Okay like you suggested I have given the whole problem.

Tt = 4Txx + 4 sin(πx)

with 0 < x < 1, x is actually less than and equal too 0, greater than and equal too 1

Boundary is T(0,t) = T(1,t) = 0
Initial condition is T (x,0) = cos (2πx)

So I attempted to find the U(x,t) by U(x,0) = T(x,0) - T(x)

I found T(x) by boundary condition and got -1/π^2 * (sin(πx))

So then I wanted to find U(x,t) by using the summation of An * cos(nπx) + summation of Bn* sin (nπx). So now to find An and Bn there are separate formulas that involves integration but its going to be complex. So i tried comparing coefficients.

So I had cos(2πx) - 1/π^2 * sin(πx) = summation of An*cos(nπx) + summation of Bn * sin(nπx). So my An = 1 and Bn = -1/π^2. Is this correct then?

The idea of examples is that they illustrate a method; it is then up to you to apply the method in situations that are NOT covered in the textbook.
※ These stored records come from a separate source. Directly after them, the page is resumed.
lemma powser_primitive_cbin_div_Suc_Suc:
  assumes "0 \<le> s" "s \<le> 1"
  shows "powser_primitive (\<lambda>n. cbin n / Suc n / Suc n) (1 - s\<^sup>2) =
    8 * (1 - s) + 8 * ln ((1 + s) / 2) + (2 * (ln ((1 + s) / 2))\<^sup>2 - 4 * dilog ((1 - s) / 2))"
proof (rule eq_at_left_if_same_derivative[of s 1
      "\<lambda>u. powser_primitive (\<lambda>n. cbin n / Suc n / Suc n) (1 - u\<^sup>2)"
      "\<lambda>u. 8 * (1 - u) + 8 * ln ((1 + u) / 2) + (2 * (ln ((1 + u) / 2))\<^sup>2 - 4 * dilog ((1 - u) / 2))"
      "\<lambda>u. - 8 * u / (1 + u) + - 8 * u * ln ((1 + u) / 2) / (1 - u\<^sup>2)"])
  show "continuous_on {s..1} (\<lambda>u. powser_primitive (\<lambda>n. cbin n / Suc n / Suc n) (1 - u\<^sup>2))"
    by (rule continuous_on_compose2[OF continuous_on_powser_primitive[OF summable_cbin_div_Suc_cube]])
      (use assms in \<open>auto intro!: continuous_intros order_trans[OF power_le_one]\<close>)
  have "continuous_on {s..1} (\<lambda>u. dilog ((1 - u) / 2))"
    by (rule continuous_on_compose2[OF continuous_on_dilog])
      (use assms in \<open>auto intro!: continuous_intros\<close>)
  then show "continuous_on {s..1}
      (\<lambda>u. 8 * (1 - u) + 8 * ln ((1 + u) / 2) + (2 * (ln ((1 + u) / 2))\<^sup>2 - 4 * dilog ((1 - u) / 2)))"
    using assms by (auto intro!: continuous_intros)
  fix u :: real
  assume u: "s < u" "u < 1"
  then have x: "\<bar>1 - u\<^sup>2\<bar> < 1" "1 - u\<^sup>2 \<noteq> 0"
    using assms abs_square_less_1[of u] by (auto intro!: abs_one_minus_square_less)
  have G: "powser_primitive (\<lambda>n. cbin n / Suc n) (1 - u\<^sup>2) = 4 * (1 - u) + 4 * ln ((1 + u) / 2)"
    using u assms by (intro powser_primitive_cbin_div_Suc) auto
  have "1 - u\<^sup>2 = (1 - u) * (1 + u)"
    by (simp add: algebra_simps power2_eq_square)
  then have "powser_primitive (\<lambda>n. cbin n / Suc n) (1 - u\<^sup>2) / (1 - u\<^sup>2) * (- 2 * u) =
      - 8 * u / (1 + u) + - 8 * u * ln ((1 + u) / 2) / (1 - u\<^sup>2)"
    unfolding G using u assms by (simp add: divide_simps) (simp add: algebra_simps)
  then show "((\<lambda>u. powser_primitive (\<lambda>n. cbin n / Suc n / Suc n) (1 - u\<^sup>2)) has_real_derivative
      - 8 * u / (1 + u) + - 8 * u * ln ((1 + u) / 2) / (1 - u\<^sup>2)) (at u)"
    using has_real_derivative_comp_one_minus_square[OF
        has_real_derivative_powser_primitive_div_Suc[of "\<lambda>n. cbin n / Suc n" 1,
          OF abs_div_Suc_le[of cbin 1, OF abs_cbin_le_1] x]]
    by simp
  have "((\<lambda>u. 8 * (1 - u) + 8 * ln ((1 + u) / 2)) has_real_derivative - 8 * u / (1 + u)) (at u)"
    using u assms by (auto intro!: derivative_eq_intros simp: field_simps)
  then show "((\<lambda>u. 8 * (1 - u) + 8 * ln ((1 + u) / 2) + (2 * (ln ((1 + u) / 2))\<^sup>2 - 4 * dilog ((1 - u) / 2)))
      has_real_derivative - 8 * u / (1 + u) + - 8 * u * ln ((1 + u) / 2) / (1 - u\<^sup>2)) (at u)"
    using u assms by (intro DERIV_add has_real_derivative_ln_square_minus_dilog) auto
qed (use assms in auto)
lemma inner_drift_u_ge:
  fixes x u :: "'a::real_inner"
  assumes "0 \<le> a" "0 \<le> b" "0 \<le> C" "0 \<le> \<epsilon>"
    and lower: "a * norm x - b \<le> Vr (norm x) s" and upper: "Vr (norm x) s \<le> C * norm x"
    and "inner x u \<le> \<epsilon>"
  shows "\<alpha> * (norm u)\<^sup>2 - b * norm u - C * \<epsilon> \<le> inner (- gradV Vr x s + \<alpha> *\<^sub>R u) u"
proof -
  have "Vr (norm x) s / norm x * inner x u \<le> b * norm u + C * \<epsilon>"
  proof (cases "0 < norm x")
    case False
    then show ?thesis
      using assms(2-4) by simp
  next
    case pos: True
    show ?thesis
    proof (cases "inner x u \<le> 0")
      case True
      have "Vr (norm x) s * inner x u \<le> (a * norm x - b) * inner x u"
        using lower True by (rule mult_right_mono_neg)
      also have "\<dots> = a * norm x * inner x u + b * (- inner x u)"
        by (simp add: algebra_simps)
      also have "\<dots> \<le> b * (norm x * norm u)"
      proof -
        have "a * norm x * inner x u \<le> 0"
          using True \<open>0 \<le> a\<close> by (simp add: mult_nonneg_nonpos)
        moreover have "b * (- inner x u) \<le> b * (norm x * norm u)"
          using norm_cauchy_schwarz[of x "- u"] \<open>0 \<le> b\<close> by (intro mult_left_mono) auto
        ultimately show ?thesis
          by linarith
      qed
      finally have "Vr (norm x) s / norm x * inner x u \<le> b * norm u"
        using pos by (simp add: pos_divide_le_eq algebra_simps)
      then show ?thesis
        using mult_nonneg_nonneg[OF assms(3,4)] by linarith
    next
      case False
      have "Vr (norm x) s * inner x u \<le> C * norm x * inner x u"
        using upper False by (simp add: mult_right_mono)
      then have "Vr (norm x) s / norm x * inner x u \<le> C * inner x u"
        using pos by (simp add: pos_divide_le_eq algebra_simps)
      also have "\<dots> \<le> C * \<epsilon>"
        using \<open>inner x u \<le> \<epsilon>\<close> \<open>0 \<le> C\<close> by (rule mult_left_mono)
      finally show ?thesis
        using mult_nonneg_nonneg[OF assms(2) norm_ge_zero[of u]] by linarith
    qed
  qed
  moreover have "inner (- gradV Vr x s + \<alpha> *\<^sub>R u) u = \<alpha> * (norm u)\<^sup>2 - Vr (norm x) s / norm x * inner x u"
    by (simp add: gradV_eq_scaleR inner_diff_left dot_square_norm)
  ultimately show ?thesis
    by linarith
qed
lemma psd_hermitian_form_op:
  assumes "clinear P" "hermitian P" "positive_op P"
  shows "psd_hermitian_form (\<lambda>u v. cinner (P u) v)"
proof
  fix x y z :: 'a and c
  show "cinner (P (x + y)) z = cinner (P x) z + cinner (P y) z"
    using assms(1) by (simp add: clinear_add cinner_add_left)
  show "cinner (P (c *\<^sub>C x)) z = c * cinner (P x) z"
    using assms(1) by (simp add: clinear_scaleC cinner_scaleC_left)
  show "cinner (P x) y = cnj (cinner (P y) x)"
    using assms(2) cinner_commute[of x "P y"] by (simp add: hermitian_def)
  show "Im (cinner (P x) x) = 0 \<and> 0 \<le> Re (cinner (P x) x)"
    using assms(3) by (simp add: positive_op_def)
qed

lemma positive_op_eq_zero_if_Re_cinner_zero:
  assumes "clinear P" "hermitian P" "positive_op P" "Re (cinner (P y) y) = 0"
  shows "P y = 0"
proof -
  interpret P: psd_hermitian_form "\<lambda>u v. cinner (P u) v"
    by (rule psd_hermitian_form_op[OF assms(1-3)])
  have "cinner (P y) (P y) = cinner (P (P y)) y"
    using assms(2) by (simp add: hermitian_def)
  also have "\<dots> = 0" by (rule P.orthogonal_if_self_zero[OF assms(4)])
  finally show ?thesis using cinner_eq_zero_iff by blast
qed

definition poly_op :: "('a::complex_vector \<Rightarrow> 'a) \<Rightarrow> real poly \<Rightarrow> 'a \<Rightarrow> 'a" where
  "poly_op B p x = (\<Sum>k\<le>degree p. coeff p k *\<^sub>R (B ^^ k) x)"

lemma poly_op_eq_sum_lessThan:
  "degree p < N \<Longrightarrow> poly_op B p x = (\<Sum>k<N. coeff p k *\<^sub>R (B ^^ k) x)"
  unfolding poly_op_def by (rule sum.mono_neutral_right[symmetric]) (auto simp: coeff_eq_0)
You can find relevant articles yourself; just Google "Fourier Series", and you will find dozens of web pages at various levels of sophistication. YOU choose the ones you want. I have no way of knowing which of the many articles out there are the ones that will "speak to you".

As for you sir, there is absolutely nothing on the web about a sin function and cosine function for the same equation. I have checked everywhere, even youtube. So please cut me some slack as I don't have experience of solving heat equations for 5 or 10 years. I need a solid example similar to this to understand as I just had lecture for 2 weeks on heat equation. If reading was helpful I wouldn't be asking for help on this forum. Cheers.

 

[LCKurtz]

Okay like you suggested I have given the whole problem.

Tt = 4Txx + 4 sin(πx)

with 0 < x < 1, x is actually less than and equal too 0, greater than and equal too 1

Boundary is T(0,t) = T(1,t) = 0
Initial condition is T (x,0) = cos (2πx)

So I attempted to find the U(x,t) by U(x,0) = T(x,0) - T(x)

I found T(x) by boundary condition and got -1/π^2 * (sin(πx))

I get $-\frac {4}{\pi^2}\sin(\pi x)$

So then I wanted to find U(x,t) by using the summation of An * cos(nπx) + summation of Bn* sin (nπx).

Where did you get those summations? Did you separate variables and solve the $X$ eigenvalue problem? I don't get any cosine eigenfunctions, so please show your work.

So now to find An and Bn there are separate formulas that involves integration but its going to be complex. So i tried comparing coefficients.
So I had cos(2πx) - 1/π^2 * sin(πx) = summation of An*cos(nπx) + summation of Bn * sin(nπx). So my An = 1 and Bn = -1/π^2. Is this correct then?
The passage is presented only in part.